Ned’s awkwardness was accentuated by a pronounced limp, the result of a childhood sledding accident. The accident is generally believed to have occurred in Bellows Falls during one of the family’s first winters there. But Mary Nims remembered Hetty saying the accident took place earlier, in New York, shortly after they returned from England. “She told my mother that during their first winter in New York there was a snow storm and they bought Edward a sled so that he might slide with the other boys in the park. He had never before seen
snow so his enthusiasm over the sport was so great that he injured his knee jumping onto his sled.” As for the nature of the injury, it does not seem to have been a fracture, because Edward continued to walk on the leg after it happened. According to some reports, he dislocated his kneecap. At any rate, the problem was chronic and worsened over time.

Of all of the myths and legends about Hetty’s miserliness handed down from generation to generation, the most persistent and unflattering is that she allowed her son’s leg to worsen over the years because she was too cheap to seek the care of doctors. As with most myths, the actual story is more complex. It is true that Hetty’s contempt for doctors and their bills, exceeded only by her contempt for lawyers, led her to take advantage of doctors in ways that were unseemly. Fearful of being charged a millionaire markup should she and Ned use their real names and visit doctors in their offices, Hetty was not above hauling her son to a free clinic, dressed in tattered clothes, where those same doctors volunteered their time. For her to take advantage of doctors’ goodwill in this manner was of course reprehensible. For her to even think of money when her son’s well-being was at stake was inexcusable, except to say that Hetty Green never thought of anything without evaluating its cost, and never received a bill that she did not question.

And yet the suggestion that Hetty stood by cavalierly while Ned’s leg withered away is both inaccurate and unfair. In fact, Hetty did seek medical care, repeatedly. Her son was the principal love of her life. Looking across the broad canvas of their odd but loving relationship, their devotion to one another until the day Hetty died, it is inconceivable that Hetty would have endured Ned’s suffering in order to save money. It is equally inconceivable that Edward, for all of his acquiescence to Hetty in other matters, would have allowed Hetty to neglect Ned’s condition. Without knowing the exact nature of the injury it is impossible to say whether this treatment or that might have saved the leg. But the Greens did try. When not seeking formal medical
opinions, Hetty, who always fancied herself a nurse, tried innumerable home remedies in her futile effort to make her son whole again. The first time Mary Nims met the Greens, Hetty was on just such a mission.

“We heard much gossip about the fabulous Mrs. Green and her peculiar way of living, so when the Greens in their ancient carriage drove into our yard, there was considerable excitement,” she recalled in memoirs written decades later. “It was a warm day and the blinds on the south side of the living room were closed.
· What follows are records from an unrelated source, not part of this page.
(* The line graph of the Petersen graph is vertex-transitive but not uniformly vertex-transitive.
   Context: The Petersen graph has as vertices the $2$-element subsets of $\{1,2,3,4,5\}$, adjacent iff disjoint. The line graph $L(\Gamma)$ has vertex set $E(\Gamma)$, two edges adjacent iff they share an endpoint. A permutation $\sigma$ of the vertex set is identified with its permutation matrix (the $(u,v)$ entry is $1$ iff $\sigma(u)=v$); $J_n$ is the $n\times n$ all-ones matrix. A graph on $n$ vertices is uniformly vertex-transitive if there is a set of $n$ distinct automorphisms $\{\sigma_1,\ldots,\sigma_n\}$ with $\sum_i\sigma_i=J_n$. *)

theory Defs
  imports Main
begin

definition petersen_vertices :: "nat set set" where
  "petersen_vertices = {A. A \<subseteq> {1..5} \<and> card A = 2}"

definition petersen_adj :: "nat set \<Rightarrow> nat set \<Rightarrow> bool" where
  "petersen_adj A B \<longleftrightarrow> A \<in> petersen_vertices \<and> B \<in> petersen_vertices \<and> A \<inter> B = {}"

definition graph_edges :: "'a set \<Rightarrow> ('a \<Rightarrow> 'a \<Rightarrow> bool) \<Rightarrow> 'a set set" where
  "graph_edges V adj = {{u, v} | u v. u \<in> V \<and> v \<in> V \<and> adj u v}"

definition line_graph_adj :: "'a set \<Rightarrow> ('a \<Rightarrow> 'a \<Rightarrow> bool) \<Rightarrow> 'a set \<Rightarrow> 'a set \<Rightarrow> bool" where
  "line_graph_adj V adj e f \<longleftrightarrow> e \<in> graph_edges V adj \<and> f \<in> graph_edges V adj \<and> e \<noteq> f \<and> e \<inter> f \<noteq> {}"

definition graph_aut :: "'a set \<Rightarrow> ('a \<Rightarrow> 'a \<Rightarrow> bool) \<Rightarrow> ('a \<Rightarrow> 'a) \<Rightarrow> bool" where
  "graph_aut V adj \<sigma> \<longleftrightarrow> bij_betw \<sigma> V V \<and> (\<forall>x. x \<notin> V \<longrightarrow> \<sigma> x = x)
     \<and> (\<forall>u\<in>V. \<forall>v\<in>V. adj (\<sigma> u) (\<sigma> v) \<longleftrightarrow> adj u v)"

definition vertex_transitive :: "'a set \<Rightarrow> ('a \<Rightarrow> 'a \<Rightarrow> bool) \<Rightarrow> bool" where
  "vertex_transitive V adj \<longleftrightarrow> (\<forall>u\<in>V. \<forall>v\<in>V. \<exists>\<sigma>. graph_aut V adj \<sigma> \<and> \<sigma> u = v)"

text \<open>Uniformly vertex-transitive: n = |V| distinct automorphisms whose permutation matrices
  (entry (u,v) is 1 iff sigma u = v) sum to the all-ones matrix J_n.\<close>
definition uniformly_vertex_transitive :: "'a set \<Rightarrow> ('a \<Rightarrow> 'a \<Rightarrow> bool) \<Rightarrow> bool" where
  "uniformly_vertex_transitive V adj \<longleftrightarrow>
     (\<exists>S. finite S \<and> card S = card V \<and> (\<forall>\<sigma>\<in>S. graph_aut V adj \<sigma>) \<and>
        (\<forall>u\<in>V. \<forall>v\<in>V. (\<Sum>\<sigma>\<in>S. (if \<sigma> u = v then 1 else 0)) = (1::nat)))"

definition petersen_line_vertices :: "nat set set set" where
  "petersen_line_vertices = graph_edges petersen_vertices petersen_adj"

definition petersen_line_adj :: "nat set set \<Rightarrow> nat set set \<Rightarrow> bool" where
  "petersen_line_adj = line_graph_adj petersen_vertices petersen_adj"

end

theory Submission
  imports Defs
begin

text \<open>Every automorphism of a graph induces one of its line graph. The Petersen graph is the
  Kneser graph K(5,2), on whose edges the symmetric group on {1..5} acts transitively; hence
  its line graph is vertex-transitive.

  Since the Petersen graph has no triangles, the triangles of its line graph are exactly the
  ten stars T(c) of the three edges through a vertex c, so every automorphism permutes the
  stars. If 15 automorphisms \<sigma> had permutation matrices summing to J, then counting the
  pairs (e, f) in T(a) \<times> T(b) with \<sigma> e = f shows that X(c), the number of \<sigma> with
  \<sigma>(T(a)) = T(c), satisfies 3 X(b) + (sum of X(c) over the neighbours c of b) = 9 for every
  vertex b. The unique solution of this system is X = 3/2, which is not integral.\<close>

section \<open>Automorphisms of graphs and of their line graphs\<close>

lemma graph_aut_comp:
  assumes "graph_aut V adj \<sigma>" "graph_aut V adj \<tau>"
  shows "graph_aut V adj (\<sigma> \<circ> \<tau>)"
proof -
  have "\<tau> u \<in> V" if "u \<in> V" for u
    using assms(2) that unfolding graph_aut_def by (meson bij_betwE)
  then show ?thesis
    using assms unfolding graph_aut_def by (auto intro: bij_betw_trans)
qed

lemma graph_aut_inv:
  assumes aut: "graph_aut V adj \<sigma>"
  shows "graph_aut V adj (\<lambda>x. if x \<in> V then inv_into V \<sigma> x else x)"
proof -
  have bij: "bij_betw \<sigma> V V" using aut by (simp add: graph_aut_def)
  have "bij_betw (\<lambda>x. if x \<in> V then inv_into V \<sigma> x else x) V V"
    by (rule bij_betw_cong[THEN iffD1, OF _ bij_betw_inv_into[OF bij]]) simp
  moreover have "adj (inv_into V \<sigma> u) (inv_into V \<sigma> v) \<longleftrightarrow> adj u v" if "u \<in> V" "v \<in> V" for u v
  proof -
    have "u \<in> \<sigma> ` V" "v \<in> \<sigma> ` V" using bij that by (simp_all add: bij_betw_def)
    then show ?thesis
      using aut that unfolding graph_aut_def by (metis f_inv_into_f inv_into_into)
  qed
  ultimately show ?thesis by (simp add: graph_aut_def)
qed

lemma vertex_transitiveI_from_base:
  assumes "x\<^sub>0 \<in> V" and reach: "\<And>u. u \<in> V \<Longrightarrow> \<exists>\<sigma>. graph_aut V adj \<sigma> \<and> \<sigma> x\<^sub>0 = u"
  shows "vertex_transitive V adj"
  unfolding vertex_transitive_def
proof (intro ballI)
  fix u v assume "u \<in> V" "v \<in> V"
  obtain \<sigma> \<tau> where \<sigma>: "graph_aut V adj \<sigma>" "\<sigma> x\<^sub>0 = u" and \<tau>: "graph_aut V adj \<tau>" "\<tau> x\<^sub>0 = v"
    using reach \<open>u \<in> V\<close> \<open>v \<in> V\<close> by blast
  let ?\<sigma>' = "\<lambda>x. if x \<in> V then inv_into V \<sigma> x else x"
  have "?\<sigma>' u = x\<^sub>0"
    using \<sigma> \<open>u \<in> V\<close> \<open>x\<^sub>0 \<in> V\<close> by (auto simp: graph_aut_def bij_betw_def)
  then show "\<exists>\<rho>. graph_aut V adj \<rho> \<and> \<rho> u = v"
    using graph_aut_comp[OF \<tau>(1) graph_aut_inv[OF \<sigma>(1)]] \<tau>(2) by (intro exI[of _ "\<tau> \<circ> ?\<sigma>'"]) simp
qed

definition line_graph_map :: "'a set \<Rightarrow> ('a \<Rightarrow> 'a \<Rightarrow> bool) \<Rightarrow> ('a \<Rightarrow> 'a) \<Rightarrow> 'a set \<Rightarrow> 'a set" where
  "line_graph_map V adj \<sigma> e = (if e \<in> graph_edges V adj then \<sigma> ` e else e)"

lemma graph_aut_line_graph_map:
  assumes aut: "graph_aut V adj \<sigma>"
  shows "graph_aut (graph_edges V adj) (line_graph_adj V adj) (line_graph_map V adj \<sigma>)"
proof -
  let ?E = "graph_edges V adj"
  have bij: "bij_betw \<sigma> V V" and adj: "\<And>u v. u \<in> V \<Longrightarrow> v \<in> V \<Longrightarrow> adj (\<sigma> u) (\<sigma> v) \<longleftrightarrow> adj u v"
    using aut by (auto simp: graph_aut_def)
  have inj: "inj_on (image \<sigma>) ?E"
    using bij by (intro inj_on_image) (auto simp: graph_edges_def bij_betw_def intro: inj_on_subset)
  have "image \<sigma> ` ?E = ?E"
  proof (intro equalityI subsetI)
    fix e assume "e \<in> image \<sigma> ` ?E"
    then obtain u v where "e = {\<sigma> u, \<sigma> v}" "u \<in> V" "v \<in> V" "adj u v"
      by (auto simp: graph_edges_def)
    moreover have "\<sigma> u \<in> V" "\<sigma> v \<in> V"
      using bij \<open>u \<in> V\<close> \<open>v \<in> V\<close> by (auto dest: bij_betwE)
    ultimately show "e \<in> ?E"
      using adj by (auto simp: graph_edges_def)
  next
    fix e assume "e \<in> ?E"
    then obtain u v where e: "e = {u, v}" "u \<in> V" "v \<in> V" "adj u v"
      by (auto simp: graph_edges_def)
    then obtain u' v' where "u' \<in> V" "v' \<in> V" "u = \<sigma> u'" "v = \<sigma> v'"
      using bij by (metis bij_betw_def imageE)
    with e adj have "{u', v'} \<in> ?E" "e = \<sigma> ` {u', v'}"
      by (auto simp: graph_edges_def)
    then show "e \<in> image \<sigma> ` ?E" by blast
  qed
  with inj have "bij_betw (image \<sigma>) ?E ?E" by (rule bij_betw_imageI)
  then have "bij_betw (line_graph_map V adj \<sigma>) ?E ?E"
    by (rule bij_betw_cong[THEN iffD1, rotated]) (simp add: line_graph_map_def)
  moreover have "\<sigma> ` e \<inter> \<sigma> ` f = \<sigma> ` (e \<inter> f)" if "e \<in> ?E" "f \<in> ?E" for e f
    using bij that by (intro inj_on_image_Int[symmetric]) (auto simp: bij_betw_def graph_edges_def)
  ultimately show ?thesis
    using inj by (auto simp: graph_aut_def line_graph_adj_def line_graph_map_def bij_betw_def dest: inj_onD)
qed

lemma sum_card_image_Int_if_uniform:
  assumes "finite S" and inj: "\<And>\<sigma>. \<sigma> \<in> S \<Longrightarrow> inj_on \<sigma> V"
    and uniform: "\<And>u v. u \<in> V \<Longrightarrow> v \<in> V \<Longrightarrow> (\<Sum>\<sigma>\<in>S. if \<sigma> u = v then 1 else 0) = (1::nat)"
    and "P \<subseteq> V" "Q \<subseteq> V" "finite P" "finite Q"
  shows "(\<Sum>\<sigma>\<in>S. card (\<sigma> ` P \<inter> Q)) = card P * card Q"
proof -
  have card_eq: "card (\<sigma> ` P \<inter> Q) = (\<Sum>p\<in>P. \<Sum>q\<in>Q. if \<sigma> p = q then 1 else 0)" if "\<sigma> \<in> S" for \<sigma>
  proof -
    have "\<sigma> ` P \<inter> Q = \<sigma> ` {p \<in> P. \<sigma> p \<in> Q}" by blast
    moreover have "inj_on \<sigma> {p \<in> P. \<sigma> p \<in> Q}"
      using inj[OF that] \<open>P \<subseteq> V\<close> by (blast intro: inj_on_subset)
    ultimately have "card (\<sigma> ` P \<inter> Q) = card {p \<in> P. \<sigma> p \<in> Q}"
      by (simp add: card_image)
    also have "\<dots> = (\<Sum>p\<in>P. if \<sigma> p \<in> Q then 1 else 0)"
      unfolding card_eq_sum sum.inter_filter[OF \<open>finite P\<close>] ..
    finally show ?thesis
      using \<open>finite Q\<close> by simp
  qed
  have "(\<Sum>\<sigma>\<in>S. card (\<sigma> ` P \<inter> Q)) = (\<Sum>\<sigma>\<in>S. \<Sum>p\<in>P. \<Sum>q\<in>Q. if \<sigma> p = q then 1 else 0)"
    using card_eq by simp
  also have "\<dots> = (\<Sum>p\<in>P. \<Sum>q\<in>Q. \<Sum>\<sigma>\<in>S. if \<sigma> p = q then 1 else 0)"
    by (subst sum.swap) (simp add: sum.swap[of _ S])
  also have "\<dots> = (\<Sum>p\<in>P. \<Sum>q\<in>Q. 1)"
    using uniform \<open>P \<subseteq> V\<close> \<open>Q \<subseteq> V\<close> by (intro sum.cong) auto
  finally show ?thesis by simp
qed

lemma sum_comp_eq_sum_fibres:
  fixes w :: "'b \<Rightarrow> 'c::comm_semiring_1"
  assumes "finite S" "finite C" "d ` S \<subseteq> C"
  shows "(\<Sum>x\<in>S. w (d x)) = (\<Sum>c\<in>C. w c * of_nat (card {x \<in> S. d x = c}))"
proof -
  have "(\<Sum>x | x \<in> S \<and> d x = c. w (d x)) = w c * of_nat (card {x \<in> S. d x = c})" for c
    by (simp add: mult.commute)
  then have "(\<Sum>c\<in>C. w c * of_nat (card {x \<in> S. d x = c})) = (\<Sum>c\<in>C. \<Sum>x | x \<in> S \<and> d x = c. w (d x))"
    by simp
  also have "\<dots> = (\<Sum>x\<in>S. w (d x))"
    using assms by (rule sum.group)
  finally show ?thesis ..
qed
From behind this screen a little girl friend and I, with our maid, had a good view of the visitors and made appreciative comments. Mr. Green, who was driving, did not get out of the carriage. His wife did, and attended to the errand on which they came, while two children, a girl my age and a very lame boy, played about the yard.

“My father raised tobacco and Mrs. Green had heard that tobacco leaves bound on Edward’s leg would loosen the contracted ligaments,” Mary recalled. “He furnished Mrs. Green liberally with the dry tobacco leaves and had an interesting talk with Mr. Green about Manila and his experiences with earthquakes.”

Hetty’s homegrown tobacco remedy failed to correct Ned’s condition, as did all of the other cures suggested by laypeople and physicians alike. Ned was tall, like his father, and as he grew his weight put added strain on the weakened leg.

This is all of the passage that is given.